Based on previous studies [6, 7, 20], we choose mid-frontal electrodes (AF3/4, F1/2/3/4, FC1/2/3/4, Fz, and FCz) and parieto-occipital electrodes (P1/2/3/4/5/6/7/8, PO3/4/5/6/7/8, O1/2, Pz, POz, and Oz) for area-based analysis. Averaged *CF-t* power spectra in frontal and parieto-occipital electrodes were calculated separately, ranging from 1 to 50 Hz. Load effects for the *CF-t* spectra were evaluated with the same procedure of repeated-measures ANOVA as the preliminary analysis. If any significant cluster was identified, the *AMF-t* spectrum of the corresponding CF range was calculated and tested with the same ANOVA procedure.

**Correlation between Individual WM Precision and EEG Activity.** The same *CF-t* and *AMF-t* representations of parieto-occipital EEG power were also used for correlation analyses. EEG spectra and \(\kappa\) values from the set-size one condition were subtracted from those from set sizes 2, 4, and 6, and were then transformed into z-scores for regression analysis. For each spectrum, a general-linear model (GLM) was constructed in which the z-transformed \(\kappa\) values served as a regressor to predict the z-transformed EEG power in each spectral point. Since both \(\kappa\) values and EEG power varied systematically with increasing set size, the regression weights were separately evaluated for set sizes 2, 4, and 6, then averaged together for statistical tests (i.e., set size served as a control variable for the GLM). The approach was similar to previous within-subject studies [49, 50] but on a between-subject basis. The same cluster-based permutation procedure was applied to correct the results of GLM for load-effect analysis, but both cluster-forming threshold and critical value were set at *p* = .05 for two-tailed tests. In addition, we also tested EEG activity in frontal electrodes to see if there was any WM correlate in the cluster. Correlations between frontal *CF-t* spectrum and WM precision were analyzed first; if any significant correlate was identified, the *AMF-t* spectrum of the corresponding CF range was analyzed.

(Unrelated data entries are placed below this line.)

lemma picard_iterate_uniform_limit:
  assumes T: "0 \<le> T"
  obtains X where "uniform_limit {0..T} (picard_iterate x0 F) X sequentially"
proof -
  let ?P = "picard_iterate x0 F"
  define M where "M n = norm (F x0) * L^n * T^(Suc n) / fact (Suc n)" for n
  have L: "0 \<le> L" using lipschitz_on_nonneg[OF lipschitz] .
  have step: "norm (?P (Suc n) t - ?P n t) \<le> M n" if "t \<in> {0..T}" for n t
  proof -
    have "t^(Suc n) \<le> T^(Suc n)" using that by (intro power_mono) auto
    then have "norm (F x0) * L^n * t^(Suc n) / fact (Suc n) \<le> M n"
      unfolding M_def using L by (intro divide_right_mono mult_left_mono) auto
    then show ?thesis using picard_iterate_step[OF that, of n] by linarith
  qed
  have "summable M"
  proof (rule summable_comparison_test')
    show "summable (\<lambda>n. (norm (F x0) * T) * (inverse (fact n) * (L*T)^n))"
      by (intro summable_mult summable_exp)
    fix n :: nat
    have "M n = (norm (F x0) * T) * ((L*T)^n / fact (Suc n))"
      unfolding M_def by (simp add: power_mult_distrib mult_ac)
    also have "\<dots> \<le> (norm (F x0) * T) * ((L*T)^n / fact n)"
      using L T by (intro mult_left_mono divide_left_mono) (auto intro: fact_mono)
    also have "\<dots> = (norm (F x0) * T) * (inverse (fact n) * (L*T)^n)" by (simp add: divide_inverse)
    finally have "M n \<le> (norm (F x0) * T) * (inverse (fact n) * (L*T)^n)" .
    moreover have "0 \<le> M n" unfolding M_def using L T by simp
    ultimately show "norm (M n) \<le> (norm (F x0) * T) * (inverse (fact n) * (L*T)^n)" by simp
  qed
  then have "uniform_limit {0..T} (\<lambda>n t. \<Sum>i<n. ?P (Suc i) t - ?P i t) (\<lambda>t. \<Sum>i. ?P (Suc i) t - ?P i t)
      sequentially"
    using step by (intro Weierstrass_m_test_ev) auto
  then have "uniform_limit {0..T} (\<lambda>n t. x0 + (\<Sum>i<n. ?P (Suc i) t - ?P i t))
      (\<lambda>t. x0 + (\<Sum>i. ?P (Suc i) t - ?P i t)) sequentially"
    by (intro uniform_limit_add uniform_limit_const)
  moreover have "(\<lambda>n t. x0 + (\<Sum>i<n. ?P (Suc i) t - ?P i t)) = ?P"
    by (simp add: fun_eq_iff sum_lessThan_telescope[of "\<lambda>i. picard_iterate x0 F i _"] picard_iterate_0)
  ultimately show ?thesis using that by simp
qed

lemma picard_limit_integral_eq:
  assumes lim: "uniform_limit {0..T} (picard_iterate x0 F) X sequentially" and t: "t \<in> {0..T}"
  shows "X t = x0 + integral {0..t} (\<lambda>s. F (X s))"
proof -
  have "uniform_limit {0..t} (\<lambda>n s. F (picard_iterate x0 F n s)) (\<lambda>s. F (X s)) sequentially"
    by (rule lipschitz_uniform_limit_compose[OF lipschitz uniform_limit_on_subset[OF lim]]) (use t in auto)
  moreover have "continuous_on {0..t} (\<lambda>s. F (picard_iterate x0 F n s))" for n
    using continuous_on_compose2[OF lipschitz_field_continuous picard_iterate_continuous[of t]] by blast
  ultimately obtain I J where I: "\<And>n. ((\<lambda>s. F (picard_iterate x0 F n s)) has_integral I n) {0..t}"
    and J: "((\<lambda>s. F (X s)) has_integral J) {0..t}" and "I \<longlonglongrightarrow> J"
    by (rule uniform_limit_integral) auto
  then have "(\<lambda>n. picard_iterate x0 F (Suc n) t) \<longlonglongrightarrow> x0 + integral {0..t} (\<lambda>s. F (X s))"
    unfolding picard_iterate_Suc integral_unique[OF I] integral_unique[OF J] by (intro tendsto_intros)
  moreover have "(\<lambda>n. picard_iterate x0 F (Suc n) t) \<longlonglongrightarrow> X t"
    using tendsto_uniform_limitI[OF lim t] by (rule LIMSEQ_Suc)
  ultimately show ?thesis using LIMSEQ_unique by blast
qed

**Intra- and Inter-areal PAC.** The oscillations of interest were beta, alpha, and theta waves for this study. In this dataset, the frequency ranges of IMFs 4, 5, and 6 represented oscillatory activities in the beta-, alpha-, and theta-band, respectively. The intra- and inter-regional PAC were calculated as follows: first, we obtained the phase of theta waves (from IMF 6) and the phase of frequency-matched alpha/beta AM components (from IMFs 4 and 5) through HHSA. Second, the cross-frequency dPLI between theta phase and frequency-matched alpha/beta AMs across all possible electrode pairs was calculated and then averaged together according to the frontal and parieto-occipital electrodes of interest for each set-size condition. Time windows for dPLI evaluation were determined according to the previous results of load effects over HHS. The first interval ranged from 0 to 0.5 s after the onset of the sample array, and the remaining part of the delay period constituted the second interval. Time windows for the probe period were also divided into the first 0.5 s and the remainder interval for analysis. The effect of load manipulation was evaluated separately by a repeated-measures ANOVA for different time windows and electrode clusters. In addition, the phase synchronization of frontal and parieto-occipital regions was tested by the same procedure. The overall results were corrected for multiple testing using the Benjamini-Hochberg procedure [51] with a false-discovery rate (FDR) of 0.05.